_Exercise brief_
Output exactly the lines between the line that contains "text \<open>preimage in" and the last line of the material, counting both.

::::::

(* Let $M'\subset\bigoplus_{i=1}^rS[-\delta_i]$ be a graded $S$-submodule which is generated by $\bigoplus_{d\ge0}M'(d)_d$, where $M'(d)=M'\cap\bigoplus_iS(\delta_i,d)[-\delta_i]$. Then there exists a unique graded right $A$-submodule $M\subset\bigoplus_iA[-\delta_i]$ such that $M'=L(M)$.
   Context: Let $\mathbb K$ be a field, $F=\mathbb K\langle x_1,\dots,x_n\rangle$ with standard grading, $I\subset F$ a graded two-sided ideal, $A=F/I$, $A[-\delta]_d=A_{d-\delta}$, $\bigoplus_{i=1}^rA[-\delta_i]$ the graded free right $A$-module with basis $e_i$ of degree $\delta_i$. Let $P=\mathbb K[x_{ij}\mid1\le i\le n,j\ge1]$ (commutative, $\deg x_{ij}=1$), $Q$ the ideal generated by all $x_{ij}x_{kj}$, $R=P/Q$, $\sigma:x_{ij}\mapsto x_{i,j+1}$, $\iota:F\to R$ the $\mathbb K$-linear map $x_{i_1}\cdots x_{i_d}\mapsto x_{i_11}\cdots x_{i_dd}$, $J$ the ideal of $R$ generated by $\bigcup_{k\ge0}\sigma^k(\iota(I))$, $S=R/J$ (with induced $\sigma$ and induced injective graded linear $\iota:A\to S$). $S(\delta,d)$ is the subalgebra of $S$ generated by the cosets of $x_{ij}$ with $\delta<j\le d$; $\bigoplus_iS(\delta_i,d)[-\delta_i]$ means the elements $\sum_ie'_ih_i$ with $h_i\in S(\delta_i,d)$. $\bigoplus_iS[-\delta_i]$ is the graded free $S$-module with basis $e'_i$ of degree $\delta_i$, and $\iota:\bigoplus_iA[-\delta_i]\to\bigoplus_iS[-\delta_i]$ is $e_if\mapsto e'_i\sigma^{\delta_i}(\iota(f))$. $L(M)$ is the $S$-submodule generated by $\iota(M)$. *)

theory Defs
  imports Main "HOL-Library.Poly_Mapping"
begin

text \<open>Elements of F are finitely supported functions from words (lists of letter
indices; letter i stands for x_{i+1}) to the field.\<close>

type_synonym 'k ncpoly = "nat list \<Rightarrow>\<^sub>0 'k"

definition ncF :: "nat \<Rightarrow> 'k::field ncpoly set" where
  "ncF n = {f. \<forall>w\<in>Poly_Mapping.keys f. set w \<subseteq> {..<n}}"

definition ncmul :: "'k::field ncpoly \<Rightarrow> 'k ncpoly \<Rightarrow> 'k ncpoly" where
  "ncmul f g = (\<Sum>u\<in>Poly_Mapping.keys f. \<Sum>v\<in>Poly_Mapping.keys g. Poly_Mapping.single (u @ v) (Poly_Mapping.lookup f u * Poly_Mapping.lookup g v))"

definition hcF :: "nat \<Rightarrow> 'k::field ncpoly \<Rightarrow> 'k ncpoly" where
  "hcF d f = (\<Sum>w\<in>{w\<in>Poly_Mapping.keys f. length w = d}. Poly_Mapping.single w (Poly_Mapping.lookup f w))"

definition graded_tsideal :: "nat \<Rightarrow> 'k::field ncpoly set \<Rightarrow> bool" where
  "graded_tsideal n I \<longleftrightarrow> I \<subseteq> ncF n \<and> 0 \<in> I \<and>
     (\<forall>f\<in>I. \<forall>g\<in>I. f + g \<in> I) \<and>
     (\<forall>f\<in>I. \<forall>a\<in>ncF n. \<forall>b\<in>ncF n. ncmul a (ncmul f b) \<in> I) \<and>
     (\<forall>f\<in>I. \<forall>d. hcF d f \<in> I)"

text \<open>A graded right A-submodule of
(+)_{i<r} A[-delta_i] is encoded by its preimage in (+)_{i<r} F[-delta_i], i.e.
a graded right F-submodule containing (+)_i e_i I.\<close>

definition ncfree :: "nat \<Rightarrow> nat \<Rightarrow> (nat \<Rightarrow> 'k::field ncpoly) set" where
  "ncfree n r = {x. (\<forall>i<r. x i \<in> ncF n) \<and> (\<forall>i\<ge>r. x i = 0)}"

definition Ifree :: "nat \<Rightarrow> 'k::field ncpoly set \<Rightarrow> (nat \<Rightarrow> 'k ncpoly) set" where
  "Ifree r I = {x. (\<forall>i<r. x i \<in> I) \<and> (\<forall>i\<ge>r. x i = 0)}"

text \<open>degree-d homogeneous component in (+)_i F[-delta_i] (e_i has degree delta_i)\<close>
definition hcFM :: "(nat \<Rightarrow> nat) \<Rightarrow> nat \<Rightarrow> (nat \<Rightarrow> 'k::field ncpoly) \<Rightarrow> nat \<Rightarrow> 'k ncpoly" where
  "hcFM \<delta> d x = (\<lambda>i. if \<delta> i \<le> d then hcF (d - \<delta> i) (x i) else 0)"

definition graded_right_submodule ::
  "nat \<Rightarrow> 'k::field ncpoly set \<Rightarrow> nat \<Rightarrow> (nat \<Rightarrow> nat) \<Rightarrow> (nat \<Rightarrow> 'k ncpoly) set \<Rightarrow> bool" where
  "graded_right_submodule n I r \<delta> M \<longleftrightarrow>
     M \<subseteq> ncfree n r \<and> Ifree r I \<subseteq> M \<and>
     (\<forall>x\<in>M. \<forall>y\<in>M. (\<lambda>i. x i + y i) \<in> M) \<and>
     (\<forall>x\<in>M. \<forall>g\<in>ncF n. (\<lambda>i. ncmul (x i) g) \<in> M) \<and>
     (\<forall>x\<in>M. \<forall>d. hcFM \<delta> d x \<in> M)"

type_synonym pmon = "(nat \<times> nat) \<Rightarrow>\<^sub>0 nat"
type_synonym 'k cpoly = "pmon \<Rightarrow>\<^sub>0 'k"

text \<open>variable (i,j) stands for x_{i+1,j}; columns j >= 1 as in the paper\<close>
definition cvars :: "nat \<Rightarrow> (nat \<times> nat) set" where
  "cvars n = {(i, j). i < n \<and> 1 \<le> j}"

definition Pc :: "nat \<Rightarrow> 'k::field cpoly set" where
  "Pc n = {p. \<forall>m\<in>Poly_Mapping.keys p. Poly_Mapping.keys m \<subseteq> cvars n}"

definition var :: "nat \<Rightarrow> nat \<Rightarrow> 'k::field cpoly" where
  "var i j = Poly_Mapping.single (Poly_Mapping.single (i, j) 1) 1"

definition mdeg :: "pmon \<Rightarrow> nat" where
  "mdeg m = (\<Sum>v\<in>Poly_Mapping.keys m. Poly_Mapping.lookup m v)"

definition hcP :: "nat \<Rightarrow> 'k::field cpoly \<Rightarrow> 'k cpoly" where
  "hcP d p = (\<Sum>m\<in>{m\<in>Poly_Mapping.keys p. mdeg m = d}. Poly_Mapping.single m (Poly_Mapping.lookup p m))"

definition sigma_m :: "pmon \<Rightarrow> pmon" where
  "sigma_m m = (\<Sum>v\<in>Poly_Mapping.keys m. Poly_Mapping.single (fst v, snd v + 1) (Poly_Mapping.lookup m v))"

definition sigma :: "'k::field cpoly \<Rightarrow> 'k cpoly" where
  "sigma p = (\<Sum>m\<in>Poly_Mapping.keys p. Poly_Mapping.single (sigma_m m) (Poly_Mapping.lookup p m))"

definition iota_m :: "nat list \<Rightarrow> pmon" where
  "iota_m w = (\<Sum>k<length w. Poly_Mapping.single (w ! k, k + 1) 1)"

definition iota :: "'k::field ncpoly \<Rightarrow> 'k cpoly" where
  "iota f = (\<Sum>w\<in>Poly_Mapping.keys f. Poly_Mapping.single (iota_m w) (Poly_Mapping.lookup f w))"

inductive_set cideal :: "nat \<Rightarrow> 'k::field cpoly set \<Rightarrow> 'k cpoly set"
  for n :: nat and G :: "'k cpoly set" where
  cideal_zero: "0 \<in> cideal n G"
| cideal_gen: "g \<in> G \<Longrightarrow> g \<in> cideal n G"
| cideal_add: "a \<in> cideal n G \<Longrightarrow> b \<in> cideal n G \<Longrightarrow> a + b \<in> cideal n G"
| cideal_mul: "p \<in> Pc n \<Longrightarrow> a \<in> cideal n G \<Longrightarrow> p * a \<in> cideal n G"

text \<open>Q is generated by the x_ij x_kj; J is the ideal of R = P/Q generated by the
sigma^k(iota(I)).  Its preimage JP in P is the ideal of P generated by both sets,
and S = R/J = P/JP.\<close>
definition JP :: "nat \<Rightarrow> 'k::field ncpoly set \<Rightarrow> 'k cpoly set" where
  "JP n I = cideal n ({var i j * var k j | i k j. i < n \<and> k < n \<and> 1 \<le> j}
                     \<union> (\<Union>k. (sigma ^^ k) ` iota ` I))"

text \<open>preimage in P of S(delta,d): polynomials in the x_ij, delta<j<=d, plus JP\<close>
definition Pdd :: "nat \<Rightarrow> nat \<Rightarrow> nat \<Rightarrow> 'k::field cpoly set" where
  "Pdd n \<delta> d = {p \<in> Pc n. \<forall>m\<in>Poly_Mapping.keys p. \<forall>v\<in>Poly_Mapping.keys m. \<delta> < snd v \<and> snd v \<le> d}"

definition Spre :: "nat \<Rightarrow> 'k::field ncpoly set \<Rightarrow> nat \<Rightarrow> nat \<Rightarrow> 'k cpoly set" where
  "Spre n I \<delta> d = {p + q | p q. p \<in> Pdd n \<delta> d \<and> q \<in> JP n I}"

section \<open>Free graded S-modules, encoded by preimages in (+)_{i<r} P[-delta_i]\<close>

definition cfree :: "nat \<Rightarrow> nat \<Rightarrow> (nat \<Rightarrow> 'k::field cpoly) set" where
  "cfree n r = {x. (\<forall>i<r. x i \<in> Pc n) \<and> (\<forall>i\<ge>r. x i = 0)}"

definition Jfree :: "nat \<Rightarrow> 'k::field ncpoly set \<Rightarrow> nat \<Rightarrow> (nat \<Rightarrow> 'k cpoly) set" where
  "Jfree n I r = {x. (\<forall>i<r. x i \<in> JP n I) \<and> (\<forall>i\<ge>r. x i = 0)}"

::::::

_Answer to this problem_
text \<open>preimage in P of S(delta,d): polynomials in the x_ij, delta<j<=d, plus JP\<close>
definition Pdd :: "nat \<Rightarrow> nat \<Rightarrow> nat \<Rightarrow> 'k::field cpoly set" where
  "Pdd n \<delta> d = {p \<in> Pc n. \<forall>m\<in>Poly_Mapping.keys p. \<forall>v\<in>Poly_Mapping.keys m. \<delta> < snd v \<and> snd v \<le> d}"

definition Spre :: "nat \<Rightarrow> 'k::field ncpoly set \<Rightarrow> nat \<Rightarrow> nat \<Rightarrow> 'k cpoly set" where
  "Spre n I \<delta> d = {p + q | p q. p \<in> Pdd n \<delta> d \<and> q \<in> JP n I}"

section \<open>Free graded S-modules, encoded by preimages in (+)_{i<r} P[-delta_i]\<close>

definition cfree :: "nat \<Rightarrow> nat \<Rightarrow> (nat \<Rightarrow> 'k::field cpoly) set" where
  "cfree n r = {x. (\<forall>i<r. x i \<in> Pc n) \<and> (\<forall>i\<ge>r. x i = 0)}"

definition Jfree :: "nat \<Rightarrow> 'k::field ncpoly set \<Rightarrow> nat \<Rightarrow> (nat \<Rightarrow> 'k cpoly) set" where
  "Jfree n I r = {x. (\<forall>i<r. x i \<in> JP n I) \<and> (\<forall>i\<ge>r. x i = 0)}"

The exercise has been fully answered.